Mean Absolute Error: 44.51603097536857
Mean Squared Error: 5030.213676448517
Root Mean Squared Error: 70.92399929818197
R^2: 0.376539615256549


In [68]:
# Apply the optimal hyperparameters
xg_reg = xgb.XGBRegressor(subsample=0.7, n_estimators=400, min_child_weight=2, max_depth=7, learning_rate=0.1, colsample_bytree=1, objective ='reg:squarederror')

# Fit the regressor to the training set
xg_reg.fit(X_train, y_train)

# Predict on the test set
preds = xg_reg.predict(X_test)

In [69]:
print("\n==================== Test Data =======================")
print('Mean Absolute Error:', metrics.mean_absolute_error(y_test, preds))
print('Mean Squared Error:', metrics.mean_squared_error(y_test, preds))
print('Root Mean Squared Error:', np.sqrt(metrics.mean_squared_error(y_test, preds)))
print('R^2:', metrics.r2_score(y_test, preds))
print("=======================================================")
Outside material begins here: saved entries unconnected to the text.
(* Let $c_3(\alpha)=2\int_0^\infty\ln(z)[1-G_\alpha(z)]g_\alpha(z)\,dz$ and $c_1(\alpha)=\psi(\alpha)$. For estimating $H_M(\underline\theta)$ under squared error loss: (1) every estimator $d_c$ with $c\in[c_3(\alpha),c_1(\alpha)]$ is admissible within the class $\mathcal M_1$; (2) every estimator $d_c$ with $c\in(-\infty,c_3(\alpha))\cup(c_1(\alpha),\infty)$ is inadmissible; (3) if $-\infty<b<c\le c_3(\alpha)$ or $c_1(\alpha)\le c<b<\infty$, then $R_\rho(d_c)<R_\rho(d_b)$ for all $\rho\in(0,1]$.
   Context: Fix a known $\alpha>0$. $X_1,X_2$ are independent, $X_i$ having density $f(x\mid\theta_i)=\frac{x^{\alpha-1}e^{-x/\theta_i}}{\Gamma(\alpha)\theta_i^{\alpha}}$, $x>0$, with unknown $\underline\theta=(\theta_1,\theta_2)\in\Theta=(0,\infty)^2$. $Z_1=\min\{X_1,X_2\}$, $Z_2=\max\{X_1,X_2\}$. $H_M(\underline\theta)=\ln\theta_1\, I(X_1\le X_2)+\ln\theta_2\, I(X_1>X_2)$. $\psi$ is the digamma function; $G_\alpha,g_\alpha$ are the distribution function and density of the gamma distribution with shape $\alpha$, scale $1$. For $c\in\mathbb R$, $d_c(X_1,X_2)=\ln Z_1-c$ and $\mathcal M_1=\{d_c:c\in\mathbb R\}$. Risk: $R(\underline\theta,d)=\mathbb E_{\underline\theta}(d(X_1,X_2)-H_M(\underline\theta))^2$; for $d_c$ it depends on $\underline\theta$ only through $\rho=\min\{\theta_1,\theta_2\}/\max\{\theta_1,\theta_2\}\in(0,1]$ and is written $R_\rho(d_c)$. $d'$ dominates $d$ if its risk is $\le$ for all $\underline\theta$ and $<$ for some; $d$ is inadmissible if some estimator dominates it; $d\in\mathcal M_1$ is admissible within $\mathcal M_1$ if no member of $\mathcal M_1$ dominates it. *)

theory Defs
  imports "HOL-Probability.Probability"
begin
(* There is an absolute constant $C>0$ such that the following holds. Let $\mu\in\mathbb{R}^2$, and let $v_1,v_2\in\mathbb{R}^2$ be linearly independent unit vectors. Let $\epsilon,\gamma>0$. Suppose the following hold. - Estimates $\hat d_1\ge\hat d_2\ge0$ are known with $|\hat d_1-\langle v_1,\mu\rangle|\le\epsilon$ and $|\hat d_2-\langle v_2,\mu\rangle|\le\epsilon$. - For all $u_1\in\{\pm v_1\}$ and $u_2\in\{\pm v_2\}$, $\Pr_{X\sim\mathcal{N}(\mu,I)}\{\langle X,u_1\rangle\ge0,\langle X,u_2\rangle\ge0\}\ge\gamma$. - Estimates $\hat\gamma_{s_1,s_2}$, for $s_1\in\{\pm v_1\}$ and $s_2\in\{\pm v_2\}$, are known with $|\hat\gamma_{s_1,s_2}-\Pr_{X\sim\mathcal{N}(\mu,I)}\{\langle X,s_1\rangle\ge0,\langle X,s_2\rangle\ge0\}|\le\epsilon$. Then an estimate $\hat\beta$ can be computed from $\hat d_1$, $\hat d_2$ and the four values $\hat\gamma_{s_1,s_2}$ (indexed by the sign pattern of $(s_1,s_2)$) such that $$|\hat\beta-\langle v_1,v_2\rangle|\le C\frac{\epsilon}{\gamma^4}\sqrt{\log(1/(\gamma\epsilon))}.$$ *)

theory Defs
  imports "HOL-Probability.Probability"
begin

definition gauss2 :: "real^2 \<Rightarrow> (real^2) measure" where
  "gauss2 mu = density lborel
     (\<lambda>x. ennreal (exp (- (norm (x - mu))\<^sup>2 / 2) / (2 * pi)))"

definition gauss2_prob :: "real^2 \<Rightarrow> (real^2) set \<Rightarrow> real" where
  "gauss2_prob mu A = measure (gauss2 mu) A"
lemma lex_less:
  fixes K h1 h2 r1 r2 :: nat
  assumes "r1 < K" "r2 < K"
  shows "K * h1 + r1 < K * h2 + r2 \<longleftrightarrow> h1 < h2 \<or> (h1 = h2 \<and> r1 < r2)"
proof (cases h1 h2 rule: linorder_cases)
  case less
  then have "K * (h1 + 1) \<le> K * h2" by (intro mult_le_mono2) simp
  then show ?thesis using less assms by simp
next
  case greater
  then have "K * (h2 + 1) \<le> K * h1" by (intro mult_le_mono2) simp
  then show ?thesis using greater assms by simp
qed simp

lemma lex_le_one:
  fixes K h r c :: nat
  assumes "r < K" "c < K"
  shows "K * h + r \<le> K + c \<longleftrightarrow> h = 0 \<or> (h = 1 \<and> r \<le> c)"
proof (cases "h \<ge> 2")
  case True
  then have "K * 2 \<le> K * h" by (rule mult_le_mono2)
  then show ?thesis using True assms by linarith
qed (use assms in \<open>auto simp: not_le less_2_cases_iff\<close>)

lemma Inf_eq_if_upper_bounds_tend:
  fixes X :: "real set" and u :: "nat \<Rightarrow> real"
  assumes lower: "\<And>x. x \<in> X \<Longrightarrow> c \<le> x"
    and "u \<longlonglongrightarrow> c" and upper: "\<forall>\<^sub>F k in sequentially. \<exists>x\<in>X. x \<le> u k"
  shows "Inf X = c"
proof (rule antisym)
  have "bdd_below X" using lower by (auto simp: bdd_below_def)
  have "\<forall>\<^sub>F k in sequentially. Inf X \<le> u k"
    using upper by eventually_elim (meson \<open>bdd_below X\<close> cInf_lower order_trans)
  then show "Inf X \<le> c"
    using tendsto_lowerbound[OF \<open>u \<longlonglongrightarrow> c\<close>] by simp
  have "X \<noteq> {}" using eventually_happens'[OF _ upper] by auto
  then show "c \<le> Inf X" using lower by (rule cInf_greatest)
qed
Mean Absolute Error: 39.30283340356304
Mean Squared Error: 4255.517061130306
Root Mean Squared Error: 65.23432425594908
R^2: 0.472557931954926


**Results:**
- Almost identical performance to random forest.
- Still vastly underperforming compared to Febraury onwards.

The january model is certainly underperforming in comparison to the February onwards mdoel. This will need to be investigated, as well as a method for merging all of the models into one.